Much rather be out there going at it in 30* vs 80* any day.  I've been doing some recently on these nice days in the 60s.  It is beautiful and doable, but ideally I'd still prefer it much cooler. 

Also, come summer I'd much rather be spending time by the pool than wrestling with some tree trying to avoid heatstroke.  

One further, if it gets done in the fall/winter, for the majority of woods you can use it the following year.  Do it in the spring/summer and you'll be waiting an extra season.


----------



## AnalogKid (Oct 18, 2013)

Haha....  Somehow I skipped over Backwood's post and typed my response.  I just went back and read his and realize I just reiterated basically everything he just said.  

Hehehe.... Oops!


----------



## Backwoods Savage (Oct 18, 2013)

I type faster.


----------



## fossil (Oct 18, 2013)

BurnIt13 said:


> if cutting and splitting in the winter will be a *20% difference in MC*...why not?

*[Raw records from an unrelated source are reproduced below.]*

lemma zstieltjes_nonzero_of_notin_Nbhd:
  assumes "z \<notin> Nbhd \<mu> e" and "e > 0"
  shows "zstieltjes z \<noteq> 0"
proof -
  have "z \<noteq> 0" "z \<notin> S" "z \<notin> Mset \<mu>"
    using dist_ge_of_notin_Nbhd[OF assms(1), of 0] dist_ge_of_notin_Nbhd[OF assms(1), of z]
      zero_in_msupp assms(2) by auto
  then show ?thesis by (simp add: zstieltjes_eq Mset_def)
qed

lemma zstieltjes_bounded_below:
  assumes "e > 0"
  obtains c where "0 < c" "c \<le> 1/2" "\<And>z. z \<notin> Nbhd \<mu> e \<Longrightarrow> c \<le> norm (zstieltjes z)"
proof -
  define K where "K = - Nbhd \<mu> e \<inter> cball 0 (3 * supp_radius)"
  have "compact K" unfolding K_def
    by (intro closed_Int_compact closed_Compl open_Nbhd compact_cball)
  obtain c where c: "0 < c" "c \<le> 1/2" "\<And>z. z \<in> K \<Longrightarrow> c \<le> norm (zstieltjes z)"
  proof (cases "K = {}")
    case False
    have "continuous_on K zstieltjes"
      using zstieltjes_lipschitz[OF apart_supp_of_notin_Nbhd apart_supp_of_notin_Nbhd assms]
        supp_radius_ge_1 by (intro lipschitz_on_continuous_on[of "supp_radius / e\<^sup>2"])
         (auto simp: K_def lipschitz_on_def dist_norm)
    then obtain z0 where z0: "z0 \<in> K" "\<And>z. z \<in> K \<Longrightarrow> norm (zstieltjes z0) \<le> norm (zstieltjes z)"
      using continuous_attains_inf[OF \<open>compact K\<close> False, of "\<lambda>z. norm (zstieltjes z)"]
        continuous_on_norm by blast
    have "zstieltjes z0 \<noteq> 0"
      using z0(1) zstieltjes_nonzero_of_notin_Nbhd assms by (auto simp: K_def)
    then show ?thesis
      using z0(2) by (intro that[of "min (1/2) (norm (zstieltjes z0))"]) (auto intro: min.coboundedI2)
  qed (use that[of "1/2"] in auto)
  show ?thesis
  proof (rule that[OF c(1,2)])
    fix z assume z: "z \<notin> Nbhd \<mu> e"
    show "c \<le> norm (zstieltjes z)"
    proof (cases "norm z \<le> 3 * supp_radius")
      case False
      then have "1/2 \<le> Re (zstieltjes z)" by (intro Re_zstieltjes_ge_half) simp
      then show ?thesis using c(2) complex_Re_le_cmod[of "zstieltjes z"] by linarith
    qed (use z c(3) in \<open>auto simp: K_def\<close>)
  qed
qed

end

subsection \<open>Empirical transforms\<close>

definition empirical_zstieltjes :: "(nat \<Rightarrow> complex) \<Rightarrow> nat \<Rightarrow> complex \<Rightarrow> complex" where
  "empirical_zstieltjes x n z = (\<Sum>i<n. z / (z - x i)) / of_nat n"

lemma din_weight_eq:
  fixes x \<xi> :: "nat \<Rightarrow> complex"
  assumes sk: "s \<le> k" and kn: "k \<le> n" and n: "n > 0"
    and dz: "\<And>i. i < n - s \<Longrightarrow> din_entry x \<xi> k s n i \<noteq> z"
  defines "d \<equiv> din_entry x \<xi> k s n"
  shows "of_nat n * (1 + (\<Sum>i<n - s. d i / (z - d i)) / of_nat n - empirical_zstieltjes x n z)
    = of_nat s + ((\<Sum>i\<in>{n-k..<n-s}. z / (z - d i)) - (\<Sum>i\<in>{n-k..<n}. z / (z - x i)))"
proof -
  have "d i / (z - d i) = z / (z - d i) - 1" if "i < n - s" for i
    using dz[OF that, folded d_def] by (simp add: field_simps)
  then have "(\<Sum>i<n - s. d i / (z - d i)) = (\<Sum>i<n - s. z / (z - d i)) - of_nat (n - s)"
    by (simp add: sum_subtractf)
  then have n_w: "of_nat n * (1 + (\<Sum>i<n - s. d i / (z - d i)) / of_nat n)
      = of_nat s + (\<Sum>i<n - s. z / (z - d i))"
    using n sk kn by (simp add: field_simps of_nat_diff)
  have "(\<Sum>i<n - k. z / (z - d i)) = (\<Sum>i<n - k. z / (z - x i))"
    by (intro sum.cong) (auto simp: d_def din_entry_def)
  then have split_d: "(\<Sum>i<n - s. z / (z - d i))
      = (\<Sum>i<n - k. z / (z - x i)) + (\<Sum>i\<in>{n-k..<n-s}. z / (z - d i))"
    using sk by (simp add: sum_lessThan_split_at[of "n - k" "n - s"])
  have split_x: "(\<Sum>i<n. z / (z - x i)) = (\<Sum>i<n - k. z / (z - x i)) + (\<Sum>i\<in>{n-k..<n}. z / (z - x i))"
    by (simp add: sum_lessThan_split_at)
  show ?thesis
    using n by (simp add: n_w split_d split_x empirical_zstieltjes_def right_diff_distrib)
qed

context compactly_supported_prob
begin

lemma Re_empirical_zstieltjes_ge_half:
  assumes "3 * supp_radius \<le> norm z" and "\<And>i. x i \<in> S" and "n > 0"
  shows "1/2 \<le> Re (empirical_zstieltjes x n z)"
proof -
  have "(\<Sum>i<n. 1/2) \<le> (\<Sum>i<n. Re (z / (z - x i)))"
    using Re_div_diff_ge_half_of_norm_ge[OF assms(1) assms(2)] by (intro sum_mono)
  then show ?thesis
    using assms(3) by (simp add: empirical_zstieltjes_def Re_sum field_simps)
qed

If that were the case, everyone who could would do it, and all of this talk about "best time" would have more substance than just rural myth.  (BTW, loggers don't always cut just in the Winter...they always cut when there's money to be made for cutting).


----------



## basod (Oct 18, 2013)

I do remember reading an old PDF file about logging with leaves vs no leaves and somewhere around 10% moisture loss was the verdict.
This will probably be the same if wood were css in a week... with Oak the first 10% will happen in short order - the next 20 - 30% takes time or a kiln


----------



## JOHN BOY (Oct 18, 2013)

The best time to cut down live tree's is when fall starts into winter .  i Hate cutting firewood when its hot and humid.  Nothing like firewood harvesting when its colder, then splitting the wood . Nothing like a brisk cold morning and hot coffee.Sap up or down ..who cares needs to be split to season , PERIOD .   Most firewood season's in 9-12 months so if your out cutting firewood now till March it should be ready to go for next winter . Now oak is gonna take 2 years.


----------



## Coog (Oct 18, 2013)

AnalogKid said:


> One further, if it gets done in the fall/winter, for the majority of woods you can use it the following year.  Do it in the spring/summer and you'll be waiting an extra season.



Nailed it.


----------